The Japanese Honeysuckle is considered an 'invasive' species in the United States; regardless of its unpopularity with the horticulture crowd, each year when the honeysuckle blossoms begin to unfurl late spring, and the woods become corridors of scent & memory, nostalgia wells up inside of me, and I am grateful for this simple little gift from nature.

While the flowers continue to bloom, I find delight in each trail that has an avenue draped with white & gold vines. I breathe the cloying sweetness deep into my lungs, immediately transported to childhood games when my sister's and I would would pluck the flower at the stem and gently suck the honeyed nectar at the base of the stamen. The vanilla scent is intoxicating and wild.

Honeysuckle is used in Chinese medicine, and called jin yin hua which translates to gold silver flower. Elegantly so.

Ram Dass offers a guided visual meditation where one visualizes the universe's spiritual substance "as a golden mist that fills the air."
"With every breath, don't just breathe in air; imagine you are pulling into yourself this golden substance...Breathe in the energy of the universe, the shakti of the universe...Each time you breathe out, breathe out all of the things in you that keep you from knowing your true Self...Let the breathe be the transformation."

When I read those lines I am reminded of the honeysuckle's scent.
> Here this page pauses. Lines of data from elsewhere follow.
(* For monotone graph classes $\mathcal G_1$ and $\mathcal G_2$, the following are equivalent: (1) $\mathcal G_1\boxtimes\mathcal G_2$ has bounded pathwidth; (2) $\mathcal G_1\square\mathcal G_2$ has bounded pathwidth; (3) both $\mathcal G_1$ and $\mathcal G_2$ have bounded pathwidth, and $\tilde{\mathsf v}(\mathcal G_1)$ or $\tilde{\mathsf v}(\mathcal G_2)$ is bounded.
   Context: A graph class is a set of graphs closed under isomorphism containing a graph with non-empty vertex set; it is monotone if closed under taking subgraphs. For a graph parameter $\beta$ and class $\mathcal G$, $\beta(\mathcal G):=\sup\{\beta(G):G\in\mathcal G\}$, and $\beta(\mathcal G)$ is bounded if this supremum is finite. $\tilde{\mathsf v}(G)$ is the maximum number of vertices of a connected component of $G$. For a product $\bullet$, $\mathcal G_1\bullet\mathcal G_2:=\{G_1\bullet G_2: G_1\in\mathcal G_1, G_2\in\mathcal G_2\}$. The cartesian product $G_1 \square G_2$ has vertex set $V(G_1)\times V(G_2)$, with $(a,v)(b,u)$ an edge iff either $ab\in E(G_1)$ and $u=v$, or $uv\in E(G_2)$ and $a=b$; the strong product $G_1\boxtimes G_2$ has the same vertex set, with distinct vertices $(a,v),(b,u)$ adjacent iff ($a=b$ or $ab\in E(G_1)$) and ($u=v$ or $uv\in E(G_2)$). *)

theory Defs
  imports Main
begin

record 'a graph =
  verts :: "'a set"
  edges :: "'a set set"

definition wf_graph :: "('a, 'b) graph_scheme \<Rightarrow> bool" where
  "wf_graph G \<longleftrightarrow> finite (verts G) \<and>
     (\<forall>e\<in>edges G. e \<subseteq> verts G \<and> card e = 2)"

definition subgraph :: "'a graph \<Rightarrow> 'a graph \<Rightarrow> bool" where
  "subgraph H G \<longleftrightarrow> wf_graph H \<and> verts H \<subseteq> verts G \<and> edges H \<subseteq> edges G"

definition graph_iso :: "'a graph \<Rightarrow> 'b graph \<Rightarrow> bool" where
  "graph_iso G H \<longleftrightarrow> (\<exists>f. bij_betw f (verts G) (verts H) \<and>
     (\<forall>x\<in>verts G. \<forall>y\<in>verts G. ({x, y} \<in> edges G \<longleftrightarrow> {f x, f y} \<in> edges H)))"
lemma singular_relboundary_cancel_p:
  assumes tf: "torsion_free_group (homology_group (int m) A)"
    and g: "continuous_map A B g"
    and onto: "kinduced_onto Fp (Suc m) A B g"
    and pc: "singular_relboundary m B {} (frag_cmul (int p) c)"
  shows "singular_relboundary m B {} c"
proof -
  obtain d where d: "singular_chain (Suc m) B d" "chain_boundary (Suc m) d = frag_cmul (int p) c"
    using pc by (auto simp: singular_boundary)
  have "kboundary Fp (Suc m) (chain_mod d) = (\<lambda>_. 0)"
    by (simp add: chain_mod_chain_boundary[symmetric] d(2))
  then have "kcycle Fp (Suc m) B (chain_mod d)"
    using kchain_chain_mod[OF d(1)] by (simp add: kcycle_def)
  then obtain w e where w: "kcycle Fp (Suc m) A w"
    and e: "kchain Fp (Suc (Suc m)) B e"
      "kboundary Fp (Suc (Suc m)) e = (\<lambda>\<tau>. chain_mod d \<tau> \<ominus>\<^bsub>Fp\<^esub> kchain_map Fp (Suc m) g w \<tau>)"
    using onto unfolding kinduced_onto_def kbounding_def by blast
  obtain W where W: "singular_chain (Suc m) A W" "chain_boundary (Suc m) W = 0" "chain_mod W = w"
    using kcycle_lifts_to_cycle[OF tf w] by blast
  let ?E = "chain_lift e"
  have E: "singular_chain (Suc (Suc m)) B ?E" "chain_mod ?E = e"
    using e(1) by (rule singular_chain_chain_lift, rule chain_mod_chain_lift)
  have "chain_mod (d - chain_map (Suc m) g W) = chain_mod (chain_boundary (Suc (Suc m)) ?E)"
    by (simp add: fun_eq_iff chain_mod_diff chain_mod_chain_map chain_mod_chain_boundary W(3) E(2) e(2))
  then obtain F where F: "singular_chain (Suc m) B F"
    "d - chain_map (Suc m) g W - chain_boundary (Suc (Suc m)) ?E = frag_cmul (int p) F"
    by (rule p_multiple_if_chain_mod_eq[OF singular_chain_diff[OF d(1) singular_chain_chain_map[OF W(1) g]]
          singular_chain_boundary_alt[OF E(1)]])
  have "frag_cmul (int p) (chain_boundary (Suc m) F) = frag_cmul (int p) c"
    using arg_cong[OF F(2), of "chain_boundary (Suc m)"]
    by (simp add: chain_boundary_diff chain_boundary_cmul d(2) chain_boundary_chain_map[OF W(1)] W(2)
        chain_boundary_boundary_alt[OF E(1)])
  then have "chain_boundary (Suc m) F = c"
    by (rule frag_cmul_cancel[rotated]) (use p_gt_1 in simp)
  with F(1) show ?thesis
    by (auto simp: singular_boundary)
qed

end

lemma topspace_loop_space: "topspace (loop_space X x0) = loops X x0"
proof -
  have "UNIV \<in> {{g. g ` K \<subseteq> U} | K U. compact K \<and> K \<subseteq> {0..1} \<and> openin X U}"
    by (rule CollectI, rule exI[of _ "{}"], rule exI[of _ "{}"]) auto
  then have "\<Union>{{g :: real \<Rightarrow> 'a. g ` K \<subseteq> U} | K U. compact K \<and> K \<subseteq> {0..1} \<and> openin X U} = UNIV"
    by blast
  then show ?thesis
    by (simp add: loop_space_def)
qed

lemma continuous_map_loop_map:
  assumes f: "continuous_map X Y f"
  shows "continuous_map (loop_space X x0) (loop_space Y (f x0)) (loop_map f)"
proof -
  let ?SX = "{{g. g ` K \<subseteq> U} | K U. compact K \<and> K \<subseteq> {0..1} \<and> openin X U}"
  let ?SY = "{{g. g ` K \<subseteq> U} | K U. compact K \<and> K \<subseteq> {0..1} \<and> openin Y U}"
  have loops: "loop_map f g \<in> loops Y (f x0)" if "g \<in> loops X x0" for g
    using that f by (auto simp: loops_def loop_map_def pathin_def intro: continuous_map_compose)
  have preimage_open: "openin (loop_space X x0) {g \<in> loops X x0. loop_map f g \<in> V}"
    if "generate_topology_on ?SY V" for V
    using that
  proof (induction rule: generate_topology_on.induct)
    case Empty
    then show ?case by simp
  next
    case (Int a b)
    have "{g \<in> loops X x0. loop_map f g \<in> a \<inter> b} =
          {g \<in> loops X x0. loop_map f g \<in> a} \<inter> {g \<in> loops X x0. loop_map f g \<in> b}"
      by blast
    with Int show ?case
      by (simp add: openin_Int)
  next
    case (UN K)
    have "{g \<in> loops X x0. loop_map f g \<in> \<Union>K} = (\<Union>k\<in>K. {g \<in> loops X x0. loop_map f g \<in> k})"
      by blast
    with UN show ?case
      by (auto intro!: openin_Union)
  next
    case (Basis s)
    then obtain K U where s: "s = {g. g ` K \<subseteq> U}" "compact K" "K \<subseteq> {0..1}" "openin Y U"
      by blast
    define W where "W = {x \<in> topspace X. f x \<in> U}"
    have "openin X W"
      unfolding W_def using f s(4) by (rule openin_continuous_map_preimage)
    with s have "openin (topology_generated_by ?SX) {g. g ` K \<subseteq> W}"
      by (intro topology_generated_by_Basis) blast
    moreover have "{g \<in> loops X x0. loop_map f g \<in> s} = loops X x0 \<inter> {g. g ` K \<subseteq> W}"
      using s(3) by (fastforce simp: s(1) W_def loop_map_def loops_def pathin_def continuous_map_def)
    ultimately show ?case
      by (auto simp: loop_space_def openin_subtopology)
  qed
  show ?thesis
    unfolding continuous_map_def topspace_loop_space
  proof (intro conjI allI impI)
    show "loop_map f \<in> loops X x0 \<rightarrow> loops Y (f x0)"
      using loops by blast
  next
    fix U assume "openin (loop_space Y (f x0)) U"
    then obtain V where V: "openin (topology_generated_by ?SY) V" "U = V \<inter> loops Y (f x0)"
      unfolding loop_space_def openin_subtopology by blast
    then have "{g \<in> loops X x0. loop_map f g \<in> U} = {g \<in> loops X x0. loop_map f g \<in> V}"
      using loops by blast
    then show "openin (loop_space X x0) {g \<in> loops X x0. loop_map f g \<in> U}"
      using preimage_open[OF openin_topology_generated_by[OF V(1)]] by simp
  qed
qed
lemma complex_of_vec_of_complex [simp]: "complex_of_vec (vec_of_complex z) = z"
  by (simp add: vec_of_complex_def complex_of_vec_def)

lemma vec_of_complex_of_vec [simp]: "vec_of_complex (complex_of_vec v) = v"
  by (simp add: vec_of_complex_def complex_of_vec_def vec_eq_iff forall_2)

lemma linear_vec_of_complex: "linear vec_of_complex"
  by (rule linearI) (auto simp: vec_of_complex_def vec_eq_iff forall_2)

lemma linear_complex_of_vec: "linear complex_of_vec"
  by (rule linearI) (auto simp: complex_of_vec_def complex_eq_iff)

lemma complex_of_vec_measurable [measurable]: "complex_of_vec \<in> borel_measurable borel"
  unfolding complex_of_vec_def Complex_eq by measurable

lemma lborel_complex_eq_distr: "(lborel :: complex measure) = distr lborel borel complex_of_vec"
proof (rule lborel_eqI)
  have Basis_2: "(Basis :: (real^2) set) = {axis 1 1, axis 2 1}"
    by (auto simp: Basis_vec_def UNIV_2)
  have prod_Basis_2: "(\<Prod>b\<in>Basis. (v::real^2) \<bullet> b) = v$1 * v$2" for v
    by (simp add: Basis_2 inner_axis axis_eq_axis)
  fix l u :: complex assume le: "\<And>b. b \<in> Basis \<Longrightarrow> l \<bullet> b \<le> u \<bullet> b"
  have "complex_of_vec -` box l u = box (vec_of_complex l) (vec_of_complex u)"
    by (auto simp: mem_box_cart mem_box vec_of_complex_def complex_of_vec_def Basis_complex_def forall_2)
  moreover have "\<forall>b\<in>Basis. vec_of_complex l \<bullet> b \<le> vec_of_complex u \<bullet> b"
    using le[of 1] le[of "\<i>"] by (auto simp: Basis_2 inner_axis vec_of_complex_def Basis_complex_def)
  ultimately show "emeasure (distr lborel borel complex_of_vec) (box l u) = (\<Prod>b\<in>Basis. (u - l) \<bullet> b)"
    by (simp add: emeasure_distr emeasure_lborel_box_eq prod_Basis_2 Basis_complex_def vec_of_complex_def)
qed simp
I hope that if you find a trail blessed with lonicera japonica, you will breathe deeply of that golden silver flowered substance, and feel the shakti of the universe.



Sunday, May 18, 2014

"Here it is"

"If you fall in love 
with the road, you will forget the 
destination."
-Zen Saying
Where is your destination?

“Spiritual practice is 
searching for what has not been discarded and then 
discarding it.”
-Nisargadatta Maharaj
What needs discarding?

"Everything supports everything else
Everything is everything else
Everything is interdependent with everything else
Love, hate, fear courage holds the universe 
together
They all must be as they are for the universe to be 
as it is
A particle of dust
Interdependent
A grain of sand is as significant as “I”
-Stephen Wolinsky


Wednesday, May 7, 2014

'If earth was heaven and now was hence'



The Latin for Cicada
By C.I.M. Jones

If only I spoke a dead language,
poetry for instance:
The wind - leaf against leaf,
a sound you'd hear bobbing in a pool
of furious pencils. Something like the song
of the cicadas, who, were it not for the singing,
would write such meticulous records: how to find 
a lifelong mate, keep a perfect exoskeleton,
prepare a succulent meal for digestion.
Once in a while, some well-meaning cicada
might say: Don't you see? All this singing we do
means nothing. But lying in the dried summer grass 
they chirr, Our song is the thing.
Sometimes in a field of a splinter of wood
takes flame (flammula in Latin) -
poetic only when the music stops.


Running headlong into another season - the longest for our region, summer. The heat & humidity takes acclimation & caution; demands you slow down, take your pace a little slower, your long runs a little shorter.
Trails are a favorite of mine - the asphalt is unforgiving in the heat, and when I head for the woods where a green canopy overhead blocks the sun's intensity, I escape into a lush dense world busy with the lives of many living things. There's the racket in my ears of frogs & cicadas, and bluejays & catbirds. There's the dense sweetness of honeysuckle on the vine - a memory that hits me every summer with nostalgia that's sad & happy. There's the wisteria's choking floral scent, the growth of weeds, and ivy - 'leaves of three leave it be' - trails once empty & bare in winter, now closed & intimate. Behind every branch decked in flecks of green, there's a home for something that moves or crawls. I swallow gnats, swat away blowflies, dodge spider webs, and don't dare step into the brush - the forest has come alive.
According to the herpetologist, it's breeding season for copperheads.
Today, I met a copperhead in no hurry at all; his diamond shaped head, and distinctive pattern warned me, reminded me to stay off the trails too dense to see where my feet are landing.




Be safe, tread softly, and relish the cicadas ancient song.